• [EXERCISE]: Pull every line with "equiv" from the data.

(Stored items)
lemma openin_isbell_topology_upward:
  assumes "openin (isbell_topology X Y) W" "f \<in> W" "g \<in> cmaps X Y"
    and le: "\<And>x. x \<in> topspace X \<Longrightarrow> spec_le Y (f x) (g x)"
  shows "g \<in> W"
proof -
  have "generate_topology_on {isbell_subbasic X Y H V | H V. scott_open_OX X H \<and> openin Y V} W"
    using assms(1) unfolding isbell_topology_def openin_topology_generated_by_iff .
  then show ?thesis
    using assms(2)
  proof (induction rule: generate_topology_on.induct)
    case (Basis s)
    then obtain H V where s: "s = isbell_subbasic X Y H V" "scott_open_OX X H" "openin Y V"
      by blast
    have "{x \<in> topspace X. f x \<in> V} \<in> H"
      using Basis.prems s(1) unfolding isbell_subbasic_def by blast
    moreover have "openin X {x \<in> topspace X. g x \<in> V}"
      using s(3) \<open>g \<in> cmaps X Y\<close> unfolding cmaps_def by (blast intro: openin_continuous_map_preimage)
    moreover have "{x \<in> topspace X. f x \<in> V} \<subseteq> {x \<in> topspace X. g x \<in> V}"
      using spec_le_imp_in_openin[OF le s(3)] by auto
    ultimately have "{x \<in> topspace X. g x \<in> V} \<in> H"
      by (rule scott_open_OX_upward[OF s(2)])
    with \<open>g \<in> cmaps X Y\<close> show ?case
      unfolding s(1) isbell_subbasic_def by simp
  qed blast+
qed

abbreviation sierpinski_space :: "bool topology" where
  "sierpinski_space \<equiv> scott_topology"

abbreviation scott_nat :: "nat topology" where
  "scott_nat \<equiv> scott_topology"

abbreviation isbell_space :: "(bool \<Rightarrow> nat) topology" where
  "isbell_space \<equiv> isbell_topology sierpinski_space scott_nat"


definition step_map :: "nat \<Rightarrow> bool \<Rightarrow> nat" where
  "step_map n b = (if b then n else 0)"

definition above_at_True :: "nat \<Rightarrow> (bool \<Rightarrow> nat) set" where
  "above_at_True n = {f \<in> cmaps sierpinski_space scott_nat. n \<le> f True}"

definition positive_at_False :: "(bool \<Rightarrow> nat) set" where
  "positive_at_False = {f \<in> cmaps sierpinski_space scott_nat. 1 \<le> f False}"

lemma step_map_in_cmaps: "step_map n \<in> cmaps sierpinski_space scott_nat"
proof -
  have "mono (step_map n)"
    unfolding step_map_def by (auto intro!: monoI simp: le_bool_def)
  then show ?thesis
    unfolding cmaps_scott_topology
    by (simp add: continuous_map_scott_topology_if_mono)
qed

lemma openin_atLeast_scott_nat: "openin scott_nat {n..}"
  unfolding openin_scott_topology_nat upward_closed_def by auto

lemma openin_above_at_True: "openin isbell_space (above_at_True n)"
  unfolding above_at_True_def
  using openin_isbell_topology_eval[OF _ openin_atLeast_scott_nat, of True] by simp

lemma openin_positive_at_False: "openin isbell_space positive_at_False"
  unfolding positive_at_False_def
  using openin_isbell_topology_eval[OF _ openin_atLeast_scott_nat, of False] by simp

lemma above_at_True_in_Kset: "above_at_True n \<in> Kset isbell_space"
proof -
  have sub: "above_at_True n \<subseteq> topspace isbell_space"
    unfolding topspace_isbell_topology above_at_True_def by blast
  have step: "step_map n \<in> above_at_True n"
    using step_map_in_cmaps unfolding above_at_True_def step_map_def by simp
  have "above_at_True n \<subseteq> W" if W: "openin isbell_space W" "step_map n \<in> W" for W
  proof
    fix g assume g: "g \<in> above_at_True n"
    show "g \<in> W"
    proof (rule openin_isbell_topology_upward[OF W])
      show "g \<in> cmaps sierpinski_space scott_nat"
        using g unfolding above_at_True_def by simp
      show "spec_le scott_nat (step_map n b) (g b)" for b
        using g unfolding above_at_True_def spec_le_scott_topology step_map_def by auto
    qed
  qed
  then have "compactin isbell_space (above_at_True n)"
    using compactin_if_open_nbhds_contain[OF sub step] by blast
  then show ?thesis
    unfolding Kset_def using step saturated_in_openin[OF openin_above_at_True] by blast
qed

lemma filtered_K_above_at_True: "filtered_K isbell_space (range above_at_True)"
  unfolding filtered_K_def
proof (intro conjI ballI)
  fix K1 K2 assume "K1 \<in> range above_at_True" "K2 \<in> range above_at_True"
  then obtain a b where "K1 = above_at_True a" "K2 = above_at_True b"
    by blast
  then have "above_at_True (max a b) \<subseteq> K1 \<and> above_at_True (max a b) \<subseteq> K2"
    unfolding above_at_True_def by auto
  then show "\<exists>K3\<in>range above_at_True. K3 \<subseteq> K1 \<and> K3 \<subseteq> K2"
    by blast
qed (use above_at_True_in_Kset in auto)

lemma Inter_above_at_True: "\<Inter>(range above_at_True) = {}"
proof -
  have "f \<notin> above_at_True (Suc (f True))" for f
    unfolding above_at_True_def by simp
  then show ?thesis
    by blast
qed

lemma above_at_True_not_subset_positive_at_False: "\<not> above_at_True n \<subseteq> positive_at_False"
proof -
  have "step_map n \<in> above_at_True n" "step_map n \<notin> positive_at_False"
    using step_map_in_cmaps unfolding above_at_True_def positive_at_False_def step_map_def by simp_all
  then show ?thesis
    by blast
qed

lemma positive_at_False_nonempty: "positive_at_False \<noteq> {}"
proof -
  have "(\<lambda>_. 1) \<in> positive_at_False"
    unfolding positive_at_False_def cmaps_scott_topology by simp
  then show ?thesis
    by blast
qed

lemma not_weak_well_filtered_isbell_space: "\<not> weak_well_filtered isbell_space"
  unfolding weak_well_filtered_def
  using filtered_K_above_at_True openin_positive_at_False positive_at_False_nonempty
    Inter_above_at_True above_at_True_not_subset_positive_at_False
  by blast

lemma compact_space_isbell_space: "compact_space isbell_space"
proof -
  have "topspace isbell_space = above_at_True 0"
    unfolding topspace_isbell_topology above_at_True_def by simp
  then show ?thesis
    using above_at_True_in_Kset unfolding compact_space_def Kset_def by simp
qed

theorem mainTheorem19:
  shows "S_star_well_filtered (scott_topology :: nat topology)
       \<and> \<not> weak_well_filtered (isbell_topology (scott_topology :: bool topology) (scott_topology :: nat topology))
       \<and> \<not> S_star_well_filtered (isbell_topology (scott_topology :: bool topology) (scott_topology :: nat topology))"
proof -
  have "step_map 0 \<in> topspace isbell_space"
    using step_map_in_cmaps by (simp add: topspace_isbell_topology)
  then have "\<not> S_star_well_filtered isbell_space"
    using weak_well_filtered_if_S_star_well_filtered[of isbell_space] compact_space_isbell_space
      not_weak_well_filtered_isbell_space by blast
  then show ?thesis
    using S_star_well_filtered_scott_nat not_weak_well_filtered_isbell_space by blast
qed

end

• [WRITTEN RESPONSE]:
  "sierpinski_space \<equiv> scott_topology"
  "scott_nat \<equiv> scott_topology"
  "isbell_space \<equiv> isbell_topology sierpinski_space scott_nat"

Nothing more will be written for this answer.